**Exercise description:**
Take the entries below and print only the lines from the one with "using \<gamma>_nonneg \<gamma>_le" through the one with "unfolding L2_set_def using", exactly as they stand, both ends included.

==== Records for this task

lemma l2_triangle_infsum:
  fixes \<alpha> \<beta> \<gamma> :: "'i \<Rightarrow> real"
  assumes \<alpha>: "(\<lambda>n. (\<alpha> n)\<^sup>2) summable_on UNIV"
    and \<gamma>_nonneg: "\<And>n. 0 \<le> \<gamma> n" and \<gamma>_le: "\<And>n. \<gamma> n \<le> \<alpha> n + \<beta> n"
    and \<beta>: "\<And>F. finite F \<Longrightarrow> L2_set \<beta> F \<le> E"
  shows "(\<lambda>n. (\<gamma> n)\<^sup>2) summable_on UNIV"
    and "sqrt (\<Sum>\<^sub>\<infinity>n. (\<gamma> n)\<^sup>2) \<le> sqrt (\<Sum>\<^sub>\<infinity>n. (\<alpha> n)\<^sup>2) + E"
proof -
  define bound where "bound = sqrt (\<Sum>\<^sub>\<infinity>n. (\<alpha> n)\<^sup>2) + E"
  have "0 \<le> E" using \<beta>[of "{}"] by simp
  then have bound_nonneg: "0 \<le> bound" by (simp add: bound_def infsum_nonneg)
  have finite_sums: "(\<Sum>n\<in>F. (\<gamma> n)\<^sup>2) \<le> bound\<^sup>2" if F: "finite F" for F
  proof -
    have "L2_set \<gamma> F \<le> L2_set (\<lambda>n. \<alpha> n + \<beta> n) F"
      using \<gamma>_nonneg \<gamma>_le by (intro L2_set_mono) auto
    also have "\<dots> \<le> L2_set \<alpha> F + L2_set \<beta> F" by (rule L2_set_triangle_ineq)
    also have "L2_set \<alpha> F \<le> sqrt (\<Sum>\<^sub>\<infinity>n. (\<alpha> n)\<^sup>2)"
      unfolding L2_set_def using \<alpha> F by (intro real_sqrt_le_mono finite_sum_le_infsum) auto
    finally have "L2_set \<gamma> F \<le> bound" using \<beta>[OF F] by (simp add: bound_def)
    then show ?thesis by (simp add: L2_set_power2 [symmetric] power_mono)
  qed
  show summable: "(\<lambda>n. (\<gamma> n)\<^sup>2) summable_on UNIV"
    using finite_sums by (intro nonneg_bdd_above_summable_on bdd_aboveI) auto
  have "(\<Sum>\<^sub>\<infinity>n. (\<gamma> n)\<^sup>2) \<le> bound\<^sup>2"
    using summable finite_sums by (rule infsum_le_finite_sums)
  then show "sqrt (\<Sum>\<^sub>\<infinity>n. (\<gamma> n)\<^sup>2) \<le> sqrt (\<Sum>\<^sub>\<infinity>n. (\<alpha> n)\<^sup>2) + E"
    using bound_nonneg real_sqrt_le_mono by (fastforce simp: bound_def)
qed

========

**Exercise output:**
      using \<gamma>_nonneg \<gamma>_le by (intro L2_set_mono) auto
    also have "\<dots> \<le> L2_set \<alpha> F + L2_set \<beta> F" by (rule L2_set_triangle_ineq)
    also have "L2_set \<alpha> F \<le> sqrt (\<Sum>\<^sub>\<infinity>n. (\<alpha> n)\<^sup>2)"
      unfolding L2_set_def using \<alpha> F by (intro real_sqrt_le_mono finite_sum_le_infsum) auto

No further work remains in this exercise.